Eleven Continental Park neighbors have formed a security patrol to help protect the area from a recent rash of home burglaries and car thefts. “That’s really the reason why we decided to organize this effort,” said attorney Elliott Zack, member and former chair of the East Kendall Community Council.
“I happened to see what the folks in Eastern Shores (North Miami Beach) did to help police with surveillance, and we decided we could do the same thing here.”
Despite increased Miami-Dade Police patrols in the Kendall and Hammocks districts, home burglaries and car thefts have continued to plague residents of Continental Park and areas north of the Falls in East Kendall.
During a recent Crime Watch meeting at the Dice House, Zack and several neighbors decided to volunteer their time for neighborhood patrolling as one way to help spot suspicious activities or individuals, and notify police.

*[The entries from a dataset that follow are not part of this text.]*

(* Let $1 \le k_1, k_2$ be integers. (a) If $m$ is an integer with $k_1 + k_2 - m \le \dim V$, then the Euclidean space $\mathfrak M$ (that is, the family $\mathcal L$ of lines together with the line orthogonality $\perp$ on $\mathcal L$) is definable in the structure $\langle S, \mathcal H_{k_1}, \mathcal H_{k_2}, \perp^{m}_{k_1,k_2}\rangle$. (b) If moreover $k_1,k_2<\dim V$, then the Euclidean space $\mathfrak M$ is definable in the structure $\mathfrak K := \langle S, \mathcal H_{k_1}, \mathcal H_{k_2}, \perp^{\circ}\cap(\mathcal H_{k_1}\times\mathcal H_{k_2})\rangle$.
   Context: Let $V$ be a vector space over a field with a nondegenerate symmetric bilinear form $\xi$ having no isotropic vectors ($\xi(v,v)\neq 0$ for $v\neq 0$). The Euclidean space $\mathfrak M$ has point set $S=V$; its (affine) subspaces are the sets $p+W$ ($p\in V$, $W$ a linear subspace, called the direction), of dimension $\dim W$ (points have dimension $0$). $\mathcal H_k$ is the family of $k$-dimensional subspaces and $\mathcal L=\mathcal H_1$ the family of lines; $\dim\mathfrak M=\dim V$. For lines, $L_1\perp L_2$ iff their directions are $\xi$-orthogonal. For subspaces $X_1,X_2$, $X_1\sqcup X_2$ is the least subspace containing $X_1\cup X_2$. For nonempty subspaces $X,Y$: $X\perp Y$ iff $\xi(b-a,d-c)=0$ for all $a,b\in X$, $c,d\in Y$; and $X\perp_x Y$ iff $X\perp Y$ and $X\cap Y\neq\emptyset$. Define $X_1\perp^{\circ}X_2$ iff there are a point $q\in X_1\cap X_2$ and subspaces $Z_1,Z_2$ with $q\in Z_1,Z_2$, $Z_i\perp_x X_1\cap X_2$, $Z_1\perp_x Z_2$, and $(X_1\cap X_2)\sqcup Z_i=X_i$ for $i=1,2$. Define $X_1\perp^{*}X_2$ iff $X_1\perp^{\circ}X_2$ and $X_1\cap X_2\neq X_1$, $X_1\cap X_2\neq X_2$. Write $X_1\perp^{m}_{k_1,k_2}X_2$ iff $X_1\perp^{*}X_2$, $X_1\in\mathcal H_{k_1}$, $X_2\in\mathcal H_{k_2}$ and $X_1\cap X_2\in\mathcal H_m$. "Definable" means first-order definable. *)

theory Defs
  imports Complex_Main
begin

definition anisotropic_space ::
  "('f::field \<Rightarrow> 'v::ab_group_add \<Rightarrow> 'v) \<Rightarrow> ('v \<Rightarrow> 'v \<Rightarrow> 'f) \<Rightarrow> bool" where
  "anisotropic_space scale xi \<longleftrightarrow>
     vector_space scale \<and>
     (\<forall>u v. xi u v = xi v u) \<and>
     (\<forall>u v w. xi (u + v) w = xi u w + xi v w) \<and>
     (\<forall>a u w. xi (scale a u) w = a * xi u w) \<and>
     (\<forall>v. (\<forall>w. xi v w = 0) \<longrightarrow> v = 0) \<and>
     (\<forall>v. v \<noteq> 0 \<longrightarrow> xi v v \<noteq> 0)"

definition lin_dim_eq :: "('f::field \<Rightarrow> 'v::ab_group_add \<Rightarrow> 'v) \<Rightarrow> 'v set \<Rightarrow> nat \<Rightarrow> bool" where
  "lin_dim_eq scale W k \<longleftrightarrow>
     (\<exists>B. finite B \<and> card B = k \<and> \<not> module.dependent scale B \<and> module.span scale B = W)"

text \<open>dim V \<ge> n (allowing V infinite-dimensional): V contains n linearly independent vectors.\<close>
definition dim_ge :: "('f::field \<Rightarrow> 'v::ab_group_add \<Rightarrow> 'v) \<Rightarrow> nat \<Rightarrow> bool" where
  "dim_ge scale n \<longleftrightarrow> (\<exists>B. finite B \<and> card B = n \<and> \<not> module.dependent scale B)"

definition affsub :: "('f::field \<Rightarrow> 'v::ab_group_add \<Rightarrow> 'v) \<Rightarrow> 'v set \<Rightarrow> bool" where
  "affsub scale X \<longleftrightarrow> (\<exists>p W. module.subspace scale W \<and> X = (\<lambda>w. p + w) ` W)"

definition Hk :: "('f::field \<Rightarrow> 'v::ab_group_add \<Rightarrow> 'v) \<Rightarrow> nat \<Rightarrow> 'v set set" where
  "Hk scale k = {X. \<exists>p W. module.subspace scale W \<and> lin_dim_eq scale W k \<and> X = (\<lambda>w. p + w) ` W}"

definition join :: "('f::field \<Rightarrow> 'v::ab_group_add \<Rightarrow> 'v) \<Rightarrow> 'v set \<Rightarrow> 'v set \<Rightarrow> 'v set" where
  "join scale X1 X2 = \<Inter>{Z. affsub scale Z \<and> X1 \<union> X2 \<subseteq> Z}"

definition perp :: "('v::ab_group_add \<Rightarrow> 'v \<Rightarrow> 'f::field) \<Rightarrow> 'v set \<Rightarrow> 'v set \<Rightarrow> bool" where
  "perp xi X Y \<longleftrightarrow> X \<noteq> {} \<and> Y \<noteq> {} \<and>
     (\<forall>a\<in>X. \<forall>b\<in>X. \<forall>c\<in>Y. \<forall>d\<in>Y. xi (b - a) (d - c) = 0)"

definition perp_x :: "('v::ab_group_add \<Rightarrow> 'v \<Rightarrow> 'f::field) \<Rightarrow> 'v set \<Rightarrow> 'v set \<Rightarrow> bool" where
  "perp_x xi X Y \<longleftrightarrow> perp xi X Y \<and> X \<inter> Y \<noteq> {}"

definition line_perp :: "('v::ab_group_add \<Rightarrow> 'v \<Rightarrow> 'f::field) \<Rightarrow> 'v set \<Rightarrow> 'v set \<Rightarrow> bool" where
  "line_perp xi L1 L2 \<longleftrightarrow>
     (\<forall>u\<in>{b - a |a b. a \<in> L1 \<and> b \<in> L1}. \<forall>w\<in>{b - a |a b. a \<in> L2 \<and> b \<in> L2}. xi u w = 0)"

definition perp_circ ::
  "('f::field \<Rightarrow> 'v::ab_group_add \<Rightarrow> 'v) \<Rightarrow> ('v \<Rightarrow> 'v \<Rightarrow> 'f) \<Rightarrow> 'v set \<Rightarrow> 'v set \<Rightarrow> bool" where
  "perp_circ scale xi X1 X2 \<longleftrightarrow>
     (\<exists>q Z1 Z2. q \<in> X1 \<inter> X2 \<and> affsub scale Z1 \<and> affsub scale Z2 \<and> q \<in> Z1 \<and> q \<in> Z2 \<and>
        perp_x xi Z1 (X1 \<inter> X2) \<and> perp_x xi Z2 (X1 \<inter> X2) \<and> perp_x xi Z1 Z2 \<and>
        join scale (X1 \<inter> X2) Z1 = X1 \<and> join scale (X1 \<inter> X2) Z2 = X2)"

definition perp_star ::
  "('f::field \<Rightarrow> 'v::ab_group_add \<Rightarrow> 'v) \<Rightarrow> ('v \<Rightarrow> 'v \<Rightarrow> 'f) \<Rightarrow> 'v set \<Rightarrow> 'v set \<Rightarrow> bool" where
  "perp_star scale xi X1 X2 \<longleftrightarrow> perp_circ scale xi X1 X2 \<and> X1 \<inter> X2 \<noteq> X1 \<and> X1 \<inter> X2 \<noteq> X2"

“We have been directed by police and Citizens Crime Watch to call the police if we see anything unusual,” explained Holly White who also serves as president of the Continental Park Homeowners Association, adding “We’re not part of either of those organizations.”

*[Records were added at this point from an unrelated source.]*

definition pauli1_anticommute :: "nat \<Rightarrow> nat \<Rightarrow> bool" where
  "pauli1_anticommute a b \<longleftrightarrow> a \<noteq> 0 \<and> b \<noteq> 0 \<and> a \<noteq> b"

lemma pauli1_mult:
  assumes "a < 4" "b < 4" "r < 2" "c < 2"
  shows "pauli1 a r 0 * pauli1 b 0 c + pauli1 a r 1 * pauli1 b 1 c =
    pauli1_phase a b * pauli1 (xor a b) r c"
  using assms unfolding nat_less_4_iff nat_less_2_iff by (elim insertE emptyE; simp add: pauli1_def pauli1_phase_def)

lemma pauli1_phase_swap:
  assumes "a < 4" "b < 4"
  shows "pauli1_phase b a = (if pauli1_anticommute a b then - pauli1_phase a b else pauli1_phase a b)"
  using assms unfolding nat_less_4_iff by (elim insertE emptyE; simp add: pauli1_phase_def pauli1_anticommute_def)

lemma pauli1_adjoint: "k < 4 \<Longrightarrow> r < 2 \<Longrightarrow> c < 2 \<Longrightarrow> cnj (pauli1 k c r) = pauli1 k r c"
  unfolding nat_less_4_iff nat_less_2_iff by (elim insertE emptyE; simp add: pauli1_def)

lemma pauli1_trace: "k < 4 \<Longrightarrow> pauli1 k 0 0 + pauli1 k 1 1 = (if k = 0 then 2 else 0)"
  unfolding nat_less_4_iff by (elim insertE emptyE; simp add: pauli1_def)

lemma pauli1_anticommute_xor:
  "a < 4 \<Longrightarrow> b < 4 \<Longrightarrow> pauli1_anticommute a (xor a b) \<longleftrightarrow> pauli1_anticommute a b"
  unfolding nat_less_4_iff by (elim insertE emptyE; simp add: pauli1_anticommute_def)

lemma pauli2_carrier [simp]: "pauli2 a b \<in> carrier_mat 4 4"
  by (simp add: pauli2_def)

lemma pauli2_mult:
  assumes "a < 4" "b < 4" "c < 4" "d < 4"
  shows "pauli2 a b * pauli2 c d =
    (pauli1_phase a c * pauli1_phase b d) \<cdot>\<^sub>m pauli2 (xor a c) (xor b d)" (is "_ = ?rhs")
proof (rule eq_matI)
  fix i j assume "i < dim_row (?rhs)" "j < dim_col ?rhs"
  then have ij: "i < 4" "j < 4" by (simp_all add: pauli2_def)
  have "(pauli2 a b * pauli2 c d) $$ (i, j) =
      (\<Sum>k<4. pauli1 a (i div 2) (k div 2) * pauli1 c (k div 2) (j div 2) *
               (pauli1 b (i mod 2) (k mod 2) * pauli1 d (k mod 2) (j mod 2)))"
    using ij by (auto simp: pauli2_def scalar_prod_def lessThan_atLeast0 ac_simps intro!: sum.cong)
  \<comment> \<open>mixed-product property of the Kronecker product\<close>
  also have "\<dots> =
      (pauli1 a (i div 2) 0 * pauli1 c 0 (j div 2) + pauli1 a (i div 2) 1 * pauli1 c 1 (j div 2)) *
      (pauli1 b (i mod 2) 0 * pauli1 d 0 (j mod 2) + pauli1 b (i mod 2) 1 * pauli1 d 1 (j mod 2))"
    unfolding sum_lessThan_4 by (simp add: algebra_simps)
  also have "\<dots> = ((pauli1_phase a c * pauli1_phase b d) \<cdot>\<^sub>m pauli2 (xor a c) (xor b d)) $$ (i, j)"
    using ij assms pauli1_mult[of a c "i div 2" "j div 2"] pauli1_mult[of b d "i mod 2" "j mod 2"]
    by (simp add: pauli2_def)
  finally show "(pauli2 a b * pauli2 c d) $$ (i, j) = ?rhs $$ (i, j)" .
qed (simp_all add: pauli2_def)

To identify themselves each group member purchased bright yellow magnetic- attached signs labeled: “Continental Park Security,” affixed to private vehicles during their patrols.
Robert Csanalosi affixed his sign on the front hood of his blue “Viper”-powered three-wheeler for duty tours. Each member volunteers two hours each month for the patrols.
Both Zack and White said their informal surveillance should not be misunderstood as a “vigilante” move to take law enforcement into their own hands.
They noted the recent killing of Trayvon Martin, 17, by George Zimmerman, a selfappointed security watcher in a Sanford community, giving rise to racial issues and a massive media focus on citizens assuming policing duties.
“We do not endanger ourselves or anyone else. We are not armed in any way, except with our cell phones,” White emphasized.
“Just last week, we had acts of vandalism at Continental Park when dirt was taken from the baseball field to smear around the clubhouse. Some cars also got egged. We want to help prevent this kind of mischief-making, too.”